◆ Exercise aim
Among the records that follow, set down only the lines from the one containing "using sym fE by blast" to the one containing "using st fE reindex", both included, exactly.

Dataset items

(* Every eaco $(\mathcal{C},P)$ is a restricted $\Sigma(\mathcal{C}_P^o)$-doctrine.
   Context: A doctrine is a pair $(\mathcal{C},P)$, $\mathcal{C}$ a category with finite products, $P:\mathcal{C}^{op}\to\mathbf{Pos}$ a functor, $f^*=P(f)$; primary: each $P(A)$ has binary meets preserved by each $f^*$. Elementary: primary and for every $A$ there is $\delta_A\in P(A\times A)$ such that for every $X$ the assignment $\psi\mapsto\langle\pi_1,\pi_2\rangle^*\psi\wedge\langle\pi_2,\pi_3\rangle^*\delta_A$ ($\pi_i$ the projections of $X\times A\times A$) is a left adjoint $P(X\times A)\to P(X\times A\times A)$ to $(id_X\times\Delta_A)^*$. Graph of $f:X\to A$: $\mathcal{G}(f)=(f\times id_A)^*\delta_A\in P(X\times A)$. Stable initial object: initial $0$ with $X\times0\cong0$ for all $X$. AC: for every $A$ not a stable initial object and every $\Gamma$, $\pi_\Gamma^*$ ($\pi_\Gamma:\Gamma\times A\to\Gamma$) has a left adjoint $\Sigma_{\pi_\Gamma}$ and for every $\psi\in P(\Gamma\times A)$ there is a chosen $\epsilon_\psi:\Gamma\to A$ with $\Sigma_{\pi_\Gamma}\psi=\langle id_\Gamma,\epsilon_\psi\rangle^*\psi$ (also used with factors swapped). Co-comprehension: every $P(A)$ has a bottom and for each $\alpha$ there is $\lceil\alpha\rceil:\{\alpha\}^o\to A$ with $\lceil\alpha\rceil^*\alpha=\bot$, universal (unique factorization) among $f$ with $f^*\alpha=\bot$; full if $\lceil\beta\rceil$ factoring through $\lceil\alpha\rceil$ implies $\alpha\le\beta$. $\mathcal{C}_P^o$ is the pullback-stable class of arrows of the form $\lceil\alpha\rceil$ (the pullback of $\lceil\alpha\rceil$ along $f$ is $\lceil f^*\alpha\rceil$). An eaco is an elementary doctrine with full co-comprehension satisfying AC such that for every $f:X\to A$ and $\alpha\in P(A)$: $f^*\langle\epsilon_{\mathcal{G}(\lceil\alpha\rceil)},id_A\rangle^*\mathcal{G}(\lceil\alpha\rceil)=\langle\epsilon_{\mathcal{G}(\lceil f^*\alpha\rceil)},id_X\rangle^*\mathcal{G}(\lceil f^*\alpha\rceil)$ (with $\epsilon_{\mathcal{G}(\lceil\alpha\rceil)}:A\to\{\alpha\}^o$ the AC witness for the projection $\{\alpha\}^o\times A\to A$). A restricted $\Sigma(\mathcal{A})$-doctrine (for a pullback-stable class $\mathcal{A}$): for every $f:A\to B$ in $\mathcal{A}$, $f^*$ has a left adjoint $\Sigma_f$ and for every pullback square $h\circ g=f\circ k$ and $\xi\in P(B)$, $h^*\Sigma_ff^*\xi=\Sigma_gk^*f^*\xi$. *)

theory Defs
  imports Main
begin

text \<open>A category with chosen finite products (terminal object, binary products
with chosen projections and pairing).  Objects have type 'o, arrows type 'm.
Composition: Cmp C g f is g after f.\<close>

record ('o,'m) cat =
  Ob   :: "'o set"
  Ar   :: "'m set"
  Dm   :: "'m \<Rightarrow> 'o"
  Cd   :: "'m \<Rightarrow> 'o"
  Cmp  :: "'m \<Rightarrow> 'm \<Rightarrow> 'm"
  Idt  :: "'o \<Rightarrow> 'm"
  Prd  :: "'o \<Rightarrow> 'o \<Rightarrow> 'o"
  Pr1  :: "'o \<Rightarrow> 'o \<Rightarrow> 'm"
  Pr2  :: "'o \<Rightarrow> 'o \<Rightarrow> 'm"
  Pair :: "'m \<Rightarrow> 'm \<Rightarrow> 'm"
  Trm  :: "'o"

definition hom :: "('o,'m) cat \<Rightarrow> 'o \<Rightarrow> 'o \<Rightarrow> 'm set" where
  "hom C A B = {f \<in> Ar C. Dm C f = A \<and> Cd C f = B}"

definition category :: "('o,'m) cat \<Rightarrow> bool" where
  "category C \<longleftrightarrow>
     (\<forall>f\<in>Ar C. Dm C f \<in> Ob C \<and> Cd C f \<in> Ob C) \<and>
     (\<forall>A\<in>Ob C. Idt C A \<in> hom C A A) \<and>
     (\<forall>A B E f g. f \<in> hom C A B \<longrightarrow> g \<in> hom C B E \<longrightarrow> Cmp C g f \<in> hom C A E) \<and>
     (\<forall>A B E F f g h. f \<in> hom C A B \<longrightarrow> g \<in> hom C B E \<longrightarrow> h \<in> hom C E F \<longrightarrow>
        Cmp C h (Cmp C g f) = Cmp C (Cmp C h g) f) \<and>
     (\<forall>A B f. f \<in> hom C A B \<longrightarrow> Cmp C (Idt C B) f = f \<and> Cmp C f (Idt C A) = f)"

definition finite_products :: "('o,'m) cat \<Rightarrow> bool" where
  "finite_products C \<longleftrightarrow> category C \<and>
     Trm C \<in> Ob C \<and> (\<forall>A\<in>Ob C. \<exists>!t. t \<in> hom C A (Trm C)) \<and>
     (\<forall>A\<in>Ob C. \<forall>B\<in>Ob C.
        Prd C A B \<in> Ob C \<and> Pr1 C A B \<in> hom C (Prd C A B) A \<and> Pr2 C A B \<in> hom C (Prd C A B) B \<and>
        (\<forall>Z f g. f \<in> hom C Z A \<longrightarrow> g \<in> hom C Z B \<longrightarrow>
            Pair C f g \<in> hom C Z (Prd C A B) \<and>
            Cmp C (Pr1 C A B) (Pair C f g) = f \<and> Cmp C (Pr2 C A B) (Pair C f g) = g) \<and>
        (\<forall>Z h. h \<in> hom C Z (Prd C A B) \<longrightarrow>
            h = Pair C (Cmp C (Pr1 C A B) h) (Cmp C (Pr2 C A B) h)))"

text \<open>A functor P : C^op \<rightarrow> Pos: P(A) = Pd D A ordered by Le D A, reindexing f^* = Re D f.\<close>

record ('o,'m,'p) doct =
  Pd :: "'o \<Rightarrow> 'p set"
  Le :: "'o \<Rightarrow> 'p \<Rightarrow> 'p \<Rightarrow> bool"
  Re :: "'m \<Rightarrow> 'p \<Rightarrow> 'p"

definition doctrine :: "('o,'m) cat \<Rightarrow> ('o,'m,'p) doct \<Rightarrow> bool" where
  "doctrine C D \<longleftrightarrow> finite_products C \<and>
     (\<forall>A\<in>Ob C. (\<forall>a\<in>Pd D A. Le D A a a) \<and>
        (\<forall>a\<in>Pd D A. \<forall>b\<in>Pd D A. Le D A a b \<longrightarrow> Le D A b a \<longrightarrow> a = b) \<and>
        (\<forall>a\<in>Pd D A. \<forall>b\<in>Pd D A. \<forall>c\<in>Pd D A. Le D A a b \<longrightarrow> Le D A b c \<longrightarrow> Le D A a c)) \<and>
     (\<forall>A B f. f \<in> hom C A B \<longrightarrow>
        (\<forall>b\<in>Pd D B. Re D f b \<in> Pd D A) \<and>
        (\<forall>b\<in>Pd D B. \<forall>c\<in>Pd D B. Le D B b c \<longrightarrow> Le D A (Re D f b) (Re D f c))) \<and>
     (\<forall>A\<in>Ob C. \<forall>a\<in>Pd D A. Re D (Idt C A) a = a) \<and>
     (\<forall>A B E f g. f \<in> hom C A B \<longrightarrow> g \<in> hom C B E \<longrightarrow>
        (\<forall>c\<in>Pd D E. Re D (Cmp C g f) c = Re D f (Re D g c)))"
lemma enumerated_mpow:
  assumes f: "bij_betw f {0..<n} E"
  shows "mat n n (\<lambda>(i,j). complex_of_real (Q (f i) (f j))) ^\<^sub>m s
         = mat n n (\<lambda>(i,j). complex_of_real (mpow E Q s (f i) (f j)))"
proof (induction s)
  case 0
  have "f i = f j \<longleftrightarrow> i = j" if "i < n" "j < n" for i j
    using f that unfolding bij_betw_def inj_on_def by auto
  then show ?case by (intro eq_matI) auto
next
  case (Suc s)
  have reindex: "(\<Sum>k<n. Q x (f k) * mpow E Q s (f k) y) = (\<Sum>z\<in>E. Q x z * mpow E Q s z y)"
    for x y
    using sum.reindex_bij_betw[OF f, of "\<lambda>z. Q x z * mpow E Q s z y"]
    by (simp add: atLeast0LessThan)
  show ?case
    unfolding pow_mat_Suc_left[OF mat_carrier] Suc
    by (intro eq_matI) (simp_all add: scalar_prod_def atLeast0LessThan reindex
                          flip: of_real_mult of_real_sum)
qed

lemma symmetric_stochastic_trace_spectrum:
  assumes fin: "finite E" and st: "stochastic E Q" and sym: "\<forall>x\<in>E. \<forall>y\<in>E. Q x y = Q y x"
  shows "\<exists>lam::nat\<Rightarrow>real. (\<forall>i<card E. -1 \<le> lam i \<and> lam i \<le> 1)
           \<and> (\<forall>s. mtrace E Q s = (\<Sum>i<card E. lam i ^ s))"
proof -
  define n where "n = card E"
  obtain f where f: "bij_betw f {0..<n} E"
    using ex_bij_betw_nat_finite[OF fin] unfolding n_def by blast
  have fE: "f i \<in> E" if "i < n" for i using f that by (auto dest: bij_betw_apply)
  have reindex: "(\<Sum>k<n. g (f k)) = (\<Sum>z\<in>E. g z)" for g :: "'a \<Rightarrow> real"
    using sum.reindex_bij_betw[OF f, of g] by (simp add: atLeast0LessThan)
  define A :: "complex mat" where "A = mat n n (\<lambda>(i,j). complex_of_real (Q (f i) (f j)))"
  have A: "A \<in> carrier_mat n n" unfolding A_def by simp
  have entries: "\<And>i j. i < n \<Longrightarrow> j < n \<Longrightarrow> A $$ (i,j) = complex_of_real (Q (f i) (f j))"
    unfolding A_def by simp
  have sym_f: "\<And>i j. i < n \<Longrightarrow> j < n \<Longrightarrow> Q (f i) (f j) = Q (f j) (f i)"
    using sym fE by blast
  have nonneg_f: "\<And>i j. i < n \<Longrightarrow> j < n \<Longrightarrow> Q (f i) (f j) \<ge> 0"
    using st fE unfolding stochastic_def by blast
  have rows_f: "\<And>i. i < n \<Longrightarrow> (\<Sum>j<n. Q (f i) (f j)) = 1"
    using st fE reindex unfolding stochastic_def by simp
  obtain es where cp: "char_poly A = (\<Prod>a\<leftarrow>es. [:- a, 1:])" and len: "length es = n"
    using char_poly_factorized[OF A] by blast
  have trace: "complex_of_real (mtrace E Q s) = (\<Sum>i<n. (es ! i) ^ s)" for s
  proof -
    have "(\<Sum>i<n. mpow E Q s (f i) (f i)) = mtrace E Q s"
      using reindex[of "\<lambda>x. mpow E Q s x x"] unfolding mtrace_def .
    moreover have "mat_trace (A ^\<^sub>m s) = complex_of_real (\<Sum>i<n. mpow E Q s (f i) (f i))"
      unfolding A_def enumerated_mpow[OF f] mat_trace_def by simp
    ultimately show ?thesis using trace_pow_mat_eigenvalues[OF A cp] by simp
  qed
  define lam where "lam i = Re (es ! i)" for i
  have eigenvalue: "es ! i = complex_of_real (lam i) \<and> \<bar>lam i\<bar> \<le> 1" if "i < n" for i
  proof -
    have "poly (char_poly A) (es ! i) = 0"
      unfolding cp using that len by (simp add: poly_prod_list prod_list_zero_iff)
    then have "eigenvalue A (es ! i)" using eigenvalue_root_char_poly[OF A] by simp
    then show ?thesis
      unfolding lam_def
      by (intro symmetric_stochastic_eigenvalue[where a = "\<lambda>i j. Q (f i) (f j)", OF A])
         (simp_all add: entries sym_f nonneg_f rows_f)
  qed
  then have "mtrace E Q s = (\<Sum>i<n. lam i ^ s)" for s
    using trace[of s] by (simp flip: of_real_power of_real_sum)
  moreover have "-1 \<le> lam i \<and> lam i \<le> 1" if "i < n" for i
    using eigenvalue[OF that] by linarith
  ultimately show ?thesis unfolding n_def by blast
qed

◆ Result below
    using sym fE by blast
  have nonneg_f: "\<And>i j. i < n \<Longrightarrow> j < n \<Longrightarrow> Q (f i) (f j) \<ge> 0"
    using st fE unfolding stochastic_def by blast
  have rows_f: "\<And>i. i < n \<Longrightarrow> (\<Sum>j<n. Q (f i) (f j)) = 1"
    using st fE reindex unfolding stochastic_def by simp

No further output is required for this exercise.